### YOUR TASK
Repeat the entries exactly as they stand.

### DATA FOR THIS EXERCISE

lemma tendsto_integral_mult_bounded_measurable:
  fixes R :: "nat \<Rightarrow> 'a \<Rightarrow> 'b::{real_normed_field, second_countable_topology, banach}"
  assumes R: "\<And>k. integrable M (R k)" "(\<lambda>k. \<integral>x. norm (R k x) \<partial>M) \<longlonglongrightarrow> 0"
    and u: "bounded_measurable M u"
  shows "(\<lambda>k. \<integral>x. R k x * u x \<partial>M) \<longlonglongrightarrow> 0"
proof -
  obtain B where [measurable]: "u \<in> borel_measurable M" and "B \<ge> 0"
    and B: "\<And>x. x \<in> space M \<Longrightarrow> norm (u x) \<le> B"
    using u by (metis bounded_measurableE)
  have bound: "norm (\<integral>x. R k x * u x \<partial>M) \<le> B * (\<integral>x. norm (R k x) \<partial>M)" for k
  proof -
    have "norm (\<integral>x. R k x * u x \<partial>M) \<le> (\<integral>x. norm (R k x * u x) \<partial>M)"
      by (rule integral_norm_bound)
    also have "\<dots> \<le> (\<integral>x. B * norm (R k x) \<partial>M)"
    proof (rule Bochner_Integration.integral_mono)
      show "integrable M (\<lambda>x. norm (R k x * u x))"
        using integrable_mult_bounded_measurable[OF R(1) u] by (rule integrable_norm)
      show "integrable M (\<lambda>x. B * norm (R k x))"
        using R(1) by (intro integrable_mult_right integrable_norm)
      fix x assume "x \<in> space M"
      then have "norm (u x) * norm (R k x) \<le> B * norm (R k x)"
        using B by (intro mult_right_mono) auto
      then show "norm (R k x * u x) \<le> B * norm (R k x)"
        by (metis mult.commute norm_mult)
    qed
    finally show ?thesis by simp
  qed
  have "(\<lambda>k. B * (\<integral>x. norm (R k x) \<partial>M)) \<longlonglongrightarrow> 0"
    using tendsto_mult_right_zero[OF R(2)] .
  with always_eventually[OF allI[OF bound]] show ?thesis
    by (rule Lim_null_comparison)
qed

section \<open>Sums over countable sets\<close>

lemma filterlim_finite_subsets_at_topI:
  assumes "\<And>k. finite (F k)" "\<And>k. F k \<subseteq> A" "\<And>x. x \<in> A \<Longrightarrow> eventually (\<lambda>k. x \<in> F k) sequentially"
  shows "filterlim F (finite_subsets_at_top A) sequentially"
  unfolding filterlim_finite_subsets_at_top
proof (intro allI impI)
  fix X assume X: "finite X \<and> X \<subseteq> A"
  then have "eventually (\<lambda>k. \<forall>x\<in>X. x \<in> F k) sequentially"
    using assms(3) by (intro eventually_ball_finite) auto
  then show "eventually (\<lambda>k. finite (F k) \<and> X \<subseteq> F k \<and> F k \<subseteq> A) sequentially"
    by (rule eventually_mono) (use assms(1,2) in blast)
qed

lemma finite_subsets_exhausting_with_small_tails:
  fixes p :: "'i \<Rightarrow> real" and \<epsilon> :: "nat \<Rightarrow> real"
  assumes L: "countable L" and P: "(p has_sum P) L" and \<epsilon>: "\<And>k. \<epsilon> k > 0"
  obtains F where "\<And>k. finite (F k)" "\<And>k. F k \<subseteq> L" "\<And>k. F k \<subseteq> F (Suc k)"
    "filterlim F (finite_subsets_at_top L) sequentially" "\<And>k. \<bar>P - sum p (F k)\<bar> < \<epsilon> k"
proof -
  have "\<exists>W. finite W \<and> W \<subseteq> L \<and> (\<forall>Y. finite Y \<and> W \<subseteq> Y \<and> Y \<subseteq> L \<longrightarrow> \<bar>P - sum p Y\<bar> < \<epsilon> k)" for k
  proof -
    have "eventually (\<lambda>Y. dist (sum p Y) P < \<epsilon> k) (finite_subsets_at_top L)"
      using P \<epsilon> unfolding has_sum_def tendsto_iff by blast
    then show ?thesis
      unfolding eventually_finite_subsets_at_top dist_real_def by (metis abs_minus_commute)
  qed
  then obtain W where W: "\<And>k. finite (W k)" "\<And>k. W k \<subseteq> L"
    "\<And>k Y. finite Y \<Longrightarrow> W k \<subseteq> Y \<Longrightarrow> Y \<subseteq> L \<Longrightarrow> \<bar>P - sum p Y\<bar> < \<epsilon> k"
    by metis
  \<comment> \<open>The enumeration of \<open>L\<close> is added so that every element of \<open>L\<close> is eventually caught.\<close>
  define F where "F k = (\<Union>j\<le>k. W j) \<union> (L \<inter> from_nat_into L ` {..k})" for k
  have F_finite: "finite (F k)" and F_sub: "F k \<subseteq> L" for k
    unfolding F_def using W(1,2) by auto
  have "eventually (\<lambda>k. x \<in> F k) sequentially" if "x \<in> L" for x
    using eventually_ge_at_top[of "to_nat_on L x"]
    by eventually_elim (use that from_nat_into_to_nat_on[OF L that] in \<open>force simp: F_def\<close>)
  then have "filterlim F (finite_subsets_at_top L) sequentially"
    by (intro filterlim_finite_subsets_at_topI F_finite F_sub)
  moreover have "\<bar>P - sum p (F k)\<bar> < \<epsilon> k" for k
    using W(3)[OF F_finite _ F_sub] unfolding F_def by blast
  moreover have "F k \<subseteq> F (Suc k)" for k
    unfolding F_def by auto
  ultimately show ?thesis
    using that F_finite F_sub by blast
qed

### RESPONSE TO THIS TASK
lemma tendsto_integral_mult_bounded_measurable:
  fixes R :: "nat \<Rightarrow> 'a \<Rightarrow> 'b::{real_normed_field, second_countable_topology, banach}"
  assumes R: "\<And>k. integrable M (R k)" "(\<lambda>k. \<integral>x. norm (R k x) \<partial>M) \<longlonglongrightarrow> 0"
    and u: "bounded_measurable M u"
  shows "(\<lambda>k. \<integral>x. R k x * u x \<partial>M) \<longlonglongrightarrow> 0"
proof -
  obtain B where [measurable]: "u \<in> borel_measurable M" and "B \<ge> 0"
    and B: "\<And>x. x \<in> space M \<Longrightarrow> norm (u x) \<le> B"
    using u by (metis bounded_measurableE)
  have bound: "norm (\<integral>x. R k x * u x \<partial>M) \<le> B * (\<integral>x. norm (R k x) \<partial>M)" for k
  proof -
    have "norm (\<integral>x. R k x * u x \<partial>M) \<le> (\<integral>x. norm (R k x * u x) \<partial>M)"
      by (rule integral_norm_bound)
    also have "\<dots> \<le> (\<integral>x. B * norm (R k x) \<partial>M)"
    proof (rule Bochner_Integration.integral_mono)
      show "integrable M (\<lambda>x. norm (R k x * u x))"
        using integrable_mult_bounded_measurable[OF R(1) u] by (rule integrable_norm)
      show "integrable M (\<lambda>x. B * norm (R k x))"
        using R(1) by (intro integrable_mult_right integrable_norm)
      fix x assume "x \<in> space M"
      then have "norm (u x) * norm (R k x) \<le> B * norm (R k x)"
        using B by (intro mult_right_mono) auto
      then show "norm (R k x * u x) \<le> B * norm (R k x)"
        by (metis mult.commute norm_mult)
    qed
    finally show ?thesis by simp
  qed
  have "(\<lambda>k. B * (\<integral>x. norm (R k x) \<partial>M)) \<longlonglongrightarrow> 0"
    using tendsto_mult_right_zero[OF R(2)] .
  with always_eventually[OF allI[OF bound]] show ?thesis
    by (rule Lim_null_comparison)
qed

section \<open>Sums over countable sets\<close>

lemma filterlim_finite_subsets_at_topI:
  assumes "\<And>k. finite (F k)" "\<And>k. F k \<subseteq> A" "\<And>x. x \<in> A \<Longrightarrow> eventually (\<lambda>k. x \<in> F k) sequentially"
  shows "filterlim F (finite_subsets_at_top A) sequentially"
  unfolding filterlim_finite_subsets_at_top
proof (intro allI impI)
  fix X assume X: "finite X \<and> X \<subseteq> A"
  then have "eventually (\<lambda>k. \<forall>x\<in>X. x \<in> F k) sequentially"
    using assms(3) by (intro eventually_ball_finite) auto
  then show "eventually (\<lambda>k. finite (F k) \<and> X \<subseteq> F k \<and> F k \<subseteq> A) sequentially"
    by (rule eventually_mono) (use assms(1,2) in blast)
qed

lemma finite_subsets_exhausting_with_small_tails:
  fixes p :: "'i \<Rightarrow> real" and \<epsilon> :: "nat \<Rightarrow> real"
  assumes L: "countable L" and P: "(p has_sum P) L" and \<epsilon>: "\<And>k. \<epsilon> k > 0"
  obtains F where "\<And>k. finite (F k)" "\<And>k. F k \<subseteq> L" "\<And>k. F k \<subseteq> F (Suc k)"
    "filterlim F (finite_subsets_at_top L) sequentially" "\<And>k. \<bar>P - sum p (F k)\<bar> < \<epsilon> k"
proof -
  have "\<exists>W. finite W \<and> W \<subseteq> L \<and> (\<forall>Y. finite Y \<and> W \<subseteq> Y \<and> Y \<subseteq> L \<longrightarrow> \<bar>P - sum p Y\<bar> < \<epsilon> k)" for k
  proof -
    have "eventually (\<lambda>Y. dist (sum p Y) P < \<epsilon> k) (finite_subsets_at_top L)"
      using P \<epsilon> unfolding has_sum_def tendsto_iff by blast
    then show ?thesis
      unfolding eventually_finite_subsets_at_top dist_real_def by (metis abs_minus_commute)
  qed
  then obtain W where W: "\<And>k. finite (W k)" "\<And>k. W k \<subseteq> L"
    "\<And>k Y. finite Y \<Longrightarrow> W k \<subseteq> Y \<Longrightarrow> Y \<subseteq> L \<Longrightarrow> \<bar>P - sum p Y\<bar> < \<epsilon> k"
    by metis
  \<comment> \<open>The enumeration of \<open>L\<close> is added so that every element of \<open>L\<close> is eventually caught.\<close>
  define F where "F k = (\<Union>j\<le>k. W j) \<union> (L \<inter> from_nat_into L ` {..k})" for k
  have F_finite: "finite (F k)" and F_sub: "F k \<subseteq> L" for k
    unfolding F_def using W(1,2) by auto
  have "eventually (\<lambda>k. x \<in> F k) sequentially" if "x \<in> L" for x
    using eventually_ge_at_top[of "to_nat_on L x"]
    by eventually_elim (use that from_nat_into_to_nat_on[OF L that] in \<open>force simp: F_def\<close>)
  then have "filterlim F (finite_subsets_at_top L) sequentially"
    by (intro filterlim_finite_subsets_at_topI F_finite F_sub)
  moreover have "\<bar>P - sum p (F k)\<bar> < \<epsilon> k" for k
    using W(3)[OF F_finite _ F_sub] unfolding F_def by blast
  moreover have "F k \<subseteq> F (Suc k)" for k
    unfolding F_def by auto
  ultimately show ?thesis
    using that F_finite F_sub by blast
qed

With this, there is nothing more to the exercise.